Ubiquiti has released patches addressing seven critical vulnerabilities in UniFi OS, headlined by CVE-2026-50746 — a maximum-severity command injection flaw in the UniFi Connect Application. The vulnerability allows an attacker to execute arbitrary commands on affected devices, which in many deployments means full network infrastructure compromise given UniFi's role in managing access points, switches, and gateways. UniFi equipment is ubiquitous in SMBs, enterprise branch offices, and managed service provider stacks, making the blast radius significant. Practitioners should prioritise updating UniFi OS across all managed controllers immediately, and audit for any indicators of lateral movement from network infrastructure to adjacent segments.
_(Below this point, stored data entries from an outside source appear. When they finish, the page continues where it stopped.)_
lemma gl_equiv_Lambda_1_0_minus_1:
  "gl_equiv (Lambda 1 0 (-1)) (span {W 1 2 + W 3 4, W 1 3, W 2 4})"
proof -
  \<comment> \<open>The columns are chosen so that \<open>?H\<close> maps the decomposable \<open>e\<^sup>1\<^sup>3\<close>, \<open>e\<^sup>2\<^sup>4\<close> into \<open>\<Lambda>(1,0,-1)\<close>.\<close>
  let ?H = "cols4 (ax 1 + ax 2) (ax 2 - ax 1) (ax 3 - ax 4) (ax 3 + ax 4)"
  have "invertible ?H"
    by (rule invertible_cols4I[of _ "(1/2) *\<^sub>R (ax 1 - ax 2)" "(1/2) *\<^sub>R (ax 1 + ax 2)"
        "(1/2) *\<^sub>R (ax 3 + ax 4)" "(1/2) *\<^sub>R (ax 4 - ax 3)"])
      (simp_all only: matrix_vector_mult_scaleR matrix_vector_right_distrib
        matrix_vector_mult_diff_distrib cols4_axis, simp_all add: vec_eq_iff forall_4 axis_def)
  let ?A = "W 1 2 + W 3 4" and ?B = "W 1 3 + W 4 2" and ?C = "W 1 4 - W 2 3"
  have "act2 ?H ?A = 2 *\<^sub>R ?A" "act2 ?H (W 1 3) = ?B - ?C" "act2 ?H (W 2 4) = (-2) *\<^sub>R ?C + - (?B - ?C)"
    by (simp_all add: act2_wedge) (simp_all add: bivector_entries)
  then have "span (act2 ?H ` {?A, W 1 3, W 2 4}) = span {2 *\<^sub>R ?A, ?B - ?C, (-2) *\<^sub>R ?C + - (?B - ?C)}"
    by simp
  also have "\<dots> = span {2 *\<^sub>R ?A, ?B - ?C, ?C}"
    by (rule span_triple_scale_add) (simp, rule span_neg, simp add: span_base)
  also have "\<dots> = span {2 *\<^sub>R ?A, ?C, 1 *\<^sub>R ?B + - ?C}"
    by (simp only: scaleR_one diff_conv_add_uminus[symmetric] insert_commute)
  also have "\<dots> = span {2 *\<^sub>R ?A, ?C, ?B}"
    by (rule span_triple_scale_add) (simp, rule span_neg, simp add: span_base)
  also have "\<dots> = Lambda 1 0 (-1)"
    by (subst span_insert_scale) (simp_all add: Lambda_def insert_commute)
  finally show ?thesis
    by (metis gl_equiv_span_act2 \<open>invertible ?H\<close>)
qed

lemma Lambda_normal_form_disc_neg:
  assumes "a \<noteq> 0" and "b^2 - 4*a*c < 0"
  shows "gl_equiv (Lambda a b c) (span {W 1 2 + W 3 4, W 1 3 + W 4 2, W 1 4 + W 2 3})"
proof -
  let ?k = "(4*a*c - b^2) / (4*a^2)"
  have "?k > 0"
    using assms by simp
  have square: "gl_equiv (Lambda a b c) (Lambda 1 0 ?k)"
    by (rule Lambda_complete_square[OF assms(1)])
  have rescale: "gl_equiv (Lambda 1 0 ?k) (Lambda 1 0 1)"
    using Lambda_rescale[of "sqrt ?k" 1] \<open>?k > 0\<close> assms by simp
  show ?thesis
    using gl_equiv_trans[OF square rescale] by (simp add: Lambda_def)
qed

lemma Lambda_normal_form_disc_zero:
  assumes "a \<noteq> 0" and "b^2 - 4*a*c = 0"
  shows "gl_equiv (Lambda a b c) (span {W 1 2 + W 3 4, W 1 3, W 1 4 + W 2 3})"
proof -
  have square: "gl_equiv (Lambda a b c) (Lambda 1 0 0)"
    using Lambda_complete_square[OF assms(1), of b c] assms(2) by simp
  show ?thesis
    by (rule gl_equiv_trans[OF square gl_equiv_Lambda_1_0_0])
qed

lemma Lambda_normal_form_disc_pos:
  assumes "a \<noteq> 0" and "b^2 - 4*a*c > 0"
  shows "gl_equiv (Lambda a b c) (span {W 1 2 + W 3 4, W 1 3, W 2 4})"
proof -
  let ?k = "(4*a*c - b^2) / (4*a^2)"
  have "?k < 0"
    using assms by (simp add: divide_neg_pos)
  have square: "gl_equiv (Lambda a b c) (Lambda 1 0 ?k)"
    by (rule Lambda_complete_square[OF assms(1)])
  have rescale: "gl_equiv (Lambda 1 0 ?k) (Lambda 1 0 (-1))"
    using Lambda_rescale[of "sqrt (- ?k)" "-1"] \<open>?k < 0\<close> assms by simp
  show ?thesis
    by (rule gl_equiv_trans[OF gl_equiv_trans[OF square rescale] gl_equiv_Lambda_1_0_minus_1])
qed

theorem lemma2p2:
  fixes e :: "nat \<Rightarrow> real^4" and a b c :: real
  assumes "inj_on e {1..4}" and "independent (e ` {1..4})" and "a \<noteq> 0"
  shows "\<exists>\<theta>::real^4^4. invertible \<theta> \<and>
    (b^2 - 4*a*c < 0 \<longrightarrow>
       span {eij e 1 2 + eij e 3 4, eij e 1 3 + eij e 4 2, a *\<^sub>R eij e 1 4 + b *\<^sub>R eij e 4 2 + c *\<^sub>R eij e 2 3}
       = act2 \<theta> ` span {eij e 1 2 + eij e 3 4, eij e 1 3 + eij e 4 2, eij e 1 4 + eij e 2 3}) \<and>
    (b^2 - 4*a*c = 0 \<longrightarrow>
       span {eij e 1 2 + eij e 3 4, eij e 1 3 + eij e 4 2, a *\<^sub>R eij e 1 4 + b *\<^sub>R eij e 4 2 + c *\<^sub>R eij e 2 3}
       = act2 \<theta> ` span {eij e 1 2 + eij e 3 4, eij e 1 3, eij e 1 4 + eij e 2 3}) \<and>
    (b^2 - 4*a*c > 0 \<longrightarrow>
       span {eij e 1 2 + eij e 3 4, eij e 1 3 + eij e 4 2, a *\<^sub>R eij e 1 4 + b *\<^sub>R eij e 4 2 + c *\<^sub>R eij e 2 3}
       = act2 \<theta> ` span {eij e 1 2 + eij e 3 4, eij e 1 3, eij e 2 4})"
proof -
  let ?E = "cols4 (e 1) (e 2) (e 3) (e 4)"
  have "{1..4::nat} = {1, 2, 3, 4}"
    by auto
  then have "invertible ?E"
    using assms(1,2) card_image[OF assms(1)] by (intro invertible_cols4) simp_all
  have in_basis_e: "gl_equiv (span (act2 ?E ` X)) (span (act2 ?E ` Y))"
    if "gl_equiv (span X) (span Y)" for X Y
    using gl_equiv_act2_image[OF \<open>invertible ?E\<close> that] by (simp add: span_act2_image)
  consider "b^2 - 4*a*c < 0" | "b^2 - 4*a*c = 0" | "b^2 - 4*a*c > 0"
    by linarith
  then show ?thesis
  proof cases
    case 1
    then show ?thesis
      using in_basis_e[OF Lambda_normal_form_disc_neg[OF assms(3) 1, unfolded Lambda_def]]
      unfolding gl_equiv_def by (auto simp: act2_wedge eij_def)
  next
    case 2
    then show ?thesis
      using in_basis_e[OF Lambda_normal_form_disc_zero[OF assms(3) 2, unfolded Lambda_def]]
      unfolding gl_equiv_def by (auto simp: act2_wedge eij_def)
  next
    case 3
    then show ?thesis
      using in_basis_e[OF Lambda_normal_form_disc_pos[OF assms(3) 3, unfolded Lambda_def]]
      unfolding gl_equiv_def by (auto simp: act2_wedge eij_def)
  qed
qed

end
The breadth of the patch batch — seven critical findings at once — suggests either a coordinated external research disclosure or an internal audit that uncovered systemic issues in the codebase.

Malicious Paysafe and Skrill SDKs on npm and PyPI Harvesting Developer Credentials

A supply chain campaign has been identified on both npm and PyPI distributing fake SDKs impersonating legitimate packages for Paysafe, Skrill, and Neteller — three widely used payment processing platforms. The malicious packages delivered stealer malware targeting developer credentials, session tokens, and likely payment API keys stored in local environments. The attack follows a well-worn playbook: register plausible package names, surface them in search results, and wait for developers integrating payment functionality to install them during project setup or dependency updates. Any developer who recently integrated Paysafe, Skrill, or Neteller functionality should audit their package.json and requirements.txt for unexpected package names, rotate all API credentials, and scan CI/CD environments for persistence mechanisms. This campaign is a reminder that typosquatting and brand impersonation on public registries remain a cost-effective initial access vector with high credential yield.


Schrödinger's Feed

A German government-backed consortium called TruQuaC (Trustworthy Quantum Control and Communication) has launched a €3.06 million project specifically focused on building a secure control-plane and gateway architecture for distributed quantum systems — a rarely discussed but critical layer of the quantum stack. As quantum hardware scales from single QPUs to networked, distributed architectures, the classical control plane becomes an attractive attack surface: whoever controls the orchestration layer controls the computation. This is one of the first funded research efforts explicitly treating distributed quantum orchestration as a security engineering problem rather than purely a physics or performance one. Practitioners building quantum-adjacent infrastructure or advising on post-quantum roadmaps should watch this space — the security properties of the quantum control plane will matter long before cryptographically relevant quantum computers arrive.


/dev/random

A solo developer has shipped what the train simulation community is calling the finest entry in the genre — built entirely by one person. The security angle? Zero. The achievement is the story: a single developer apparently out-shipped entire studios with dedicated QA, art, and engineering teams across the full product cycle. It's the kind of project that makes you reconsider your threat model for "what can one motivated person accomplish" — which, depending on whether that person is building train sims or writing exploit chains, lands very differently. Somewhere, a CISO is showing this to their board as a parable about insider risk; somewhere else, a red teamer is using it as motivation.